I, JOAN – ⭐️⭐️⭐️⭐️ – a revolutionary new take

Isobel Thom and company, photograph by Helen Murray

I, JOAN

by Charlie Josephine

Directed by Ilinca Radulian

Shakespeare’s Globe – until 22 October 2022

https://www.shakespearesglobe.com/whats-on/joan-2022/#book

As professional debuts go, Isobel Thom’s central role in Charlie Josephine’s rambunctious, surprising distillation of the fabled life of the Maid of Orléans for Shakespeare’s Globe, takes some beating. Thom gives a beguiling, persuasive performance that humanises Joan of Arc while still preserving the magic surrounding this divisive figure.

What Josephine has created is less a coherent historical drama (and, to be fair, Bernard Shaw and Anouilh already have this story covered in that respect with Saint Joan and The Lark respectively) and more a genderqueer pageant pitched somewhere between Brecht and Black Adder, that reframes Joan as a non-binary poster child for tolerance and rebellion. It’s very much a Globe play too in that it paints in broad brushstrokes (essential when you’ve got noise seepage from the skies above and the Thames just outside), and it’s bold, mouthy, engaging, urgent….
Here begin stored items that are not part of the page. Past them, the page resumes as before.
lemma pairing_under:
  "pairing q (under x y) z = (\<Sum>a\<in>Poly_Mapping.keys x. \<Sum>b\<in>Poly_Mapping.keys y.
      Poly_Mapping.lookup x a * Poly_Mapping.lookup y b *
      (\<Sum>c\<in>Poly_Mapping.keys z. Poly_Mapping.lookup z c * pp_pair q (pp_under a b) c))"
proof -
  let ?G = "\<lambda>d. \<Sum>c\<in>Poly_Mapping.keys z. Poly_Mapping.lookup z c * pp_pair q d c"
  define D where "D = Poly_Mapping.keys (under x y)
    \<union> (\<lambda>(a, b). pp_under a b) ` (Poly_Mapping.keys x \<times> Poly_Mapping.keys y)"
  have "finite D" by (simp add: D_def)
  then have "pairing q (under x y) z = (\<Sum>d\<in>D. Poly_Mapping.lookup (under x y) d * ?G d)"
    by (rule pairing_eq_sum_superset) (simp add: D_def)
  also have "\<dots> = (\<Sum>d\<in>D. \<Sum>a\<in>Poly_Mapping.keys x. \<Sum>b\<in>Poly_Mapping.keys y.
      if pp_under a b = d then Poly_Mapping.lookup x a * Poly_Mapping.lookup y b * ?G d else 0)"
    by (simp add: lookup_under sum_distrib_right if_distrib[of "\<lambda>t. t * _"] cong: if_cong)
  also have "\<dots> = (\<Sum>a\<in>Poly_Mapping.keys x. \<Sum>b\<in>Poly_Mapping.keys y. \<Sum>d\<in>D.
      if pp_under a b = d then Poly_Mapping.lookup x a * Poly_Mapping.lookup y b * ?G d else 0)"
    by (subst sum.swap, rule sum.cong, rule refl, rule sum.swap)
  also have "\<dots> = (\<Sum>a\<in>Poly_Mapping.keys x. \<Sum>b\<in>Poly_Mapping.keys y.
      Poly_Mapping.lookup x a * Poly_Mapping.lookup y b * ?G (pp_under a b))"
    using \<open>finite D\<close> by (intro sum.cong refl) (auto simp: D_def)
  finally show ?thesis .
qed

lemma pairing2_tensor:
  "pairing2 q (tensor x y) U = (\<Sum>a\<in>Poly_Mapping.keys x. \<Sum>b\<in>Poly_Mapping.keys y.
      Poly_Mapping.lookup x a * Poly_Mapping.lookup y b *
      (\<Sum>p\<in>Poly_Mapping.keys U. Poly_Mapping.lookup U p * pp_pair q a (fst p) * pp_pair q b (snd p)))"
proof -
  have "pairing2 q (tensor x y) U = (\<Sum>(a, b)\<in>Poly_Mapping.keys x \<times> Poly_Mapping.keys y.
      \<Sum>p\<in>Poly_Mapping.keys U. Poly_Mapping.lookup (tensor x y) (a, b) * Poly_Mapping.lookup U p *
        pp_pair q a (fst p) * pp_pair q b (snd p))"
    unfolding pairing2_def split_def prod.collapse using keys_tensor
    by (intro sum.mono_neutral_left) (auto simp: in_keys_iff)
  then show ?thesis
    by (simp add: sum.cartesian_product[symmetric] lookup_tensor sum_distrib_left mult.assoc)
qed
Some eyebrows were raised at the prospect of a gender fluid Joan but it’s hard to see why: it’s impossible to think of another historical figure so well suited to this sort of creative treatment than a person who eschewed every aspect of their traditional gender identifications, and furthermore I’m pretty sure that most of Shakespeare’s history plays were no more factually accurate than what we currently have at the Globe. If this theatre had a roof, Joan would have torn it off by now.

Josephine’s writing is salty, anachronistic, vivid. You may not expect a play about Joan of Arc to have as many belly laughs as you get here, but both Jolyon Coy’s preposterously swaggering Dauphin and Adam Gillen’s dithering, self-effacing sidekick are sublime comic creations made all the funnier by being rooted in a certain reality, however crazy. I also adored Jonah Russell’s rugged Dunois who takes his time to come round to approving of Joan, and Debbie Korley’s comically imperious, Thatcherite regent Queen.

The play is touching as well though: the collective sigh of recognition and acceptance that goes through the crowd when Gillen’s inspired Thomas first suggests the “they” pronoun to a confused Joan is deeply moving, and, throughout, the central character is a figure that, for all their bravery and outward toughness, it’s impossible not to root and care for, especially as embodied by the magnetic, lovable Thom.

The battle sections are particularly exhilarating with stomping, combative choreography, by Jennifer Jackson, that sits low in the body, feels refreshingly spontaneous, and builds to an enthralling climax as more and more company members join Joan’s crusade. The effect is simultaneously joyful and slightly threatening. The audience went nuts for it, and also for the fabulous cast entrances via an enormous slide that takes up almost the entire height of the performing space. Ilinca Radulian’s energetic production consistently succeeds in striking the right balance between raucous, playful and lofty.

Joan’s death, when it comes, is cancelled, or at least postponed, by a Groundling led chant of “change the play!” not dissimilar to the traditional audience participation cries of “I believe in fairies!” in the annual Peter Pan play at Christmas. Josephine gives Thom a rousing, marvellous speech of defiance dismantling the patriarchy and putting two fingers up to gender expectations and limitations. It’s terrifically delivered and whips an already hugely engaged audience up into a further frenzy of enraptured indignation.

Exciting as the writing and the performance is, it does by this point feel slightly grafted on to the legend of the French peasant girl who liberated France only to be betrayed and burnt at the stake for her pains. That won’t matter to many: Josephine’s script relentlessly pushes it’s agenda and is very much preaching to the choir in terms of matching the expectations of the audience coming to see this unique piece of theatre.

Forget subtlety and embrace the big beautiful, messy heart of it: what we have here is a flamboyantly queer-accented slice of uplifting mass populist entertainment. It feels like this season’s Nell Gwynn or Emilia, and I suspect we will see more of it after this brief late summer season. And in Isobel Thom, the theatre has a glittering new star.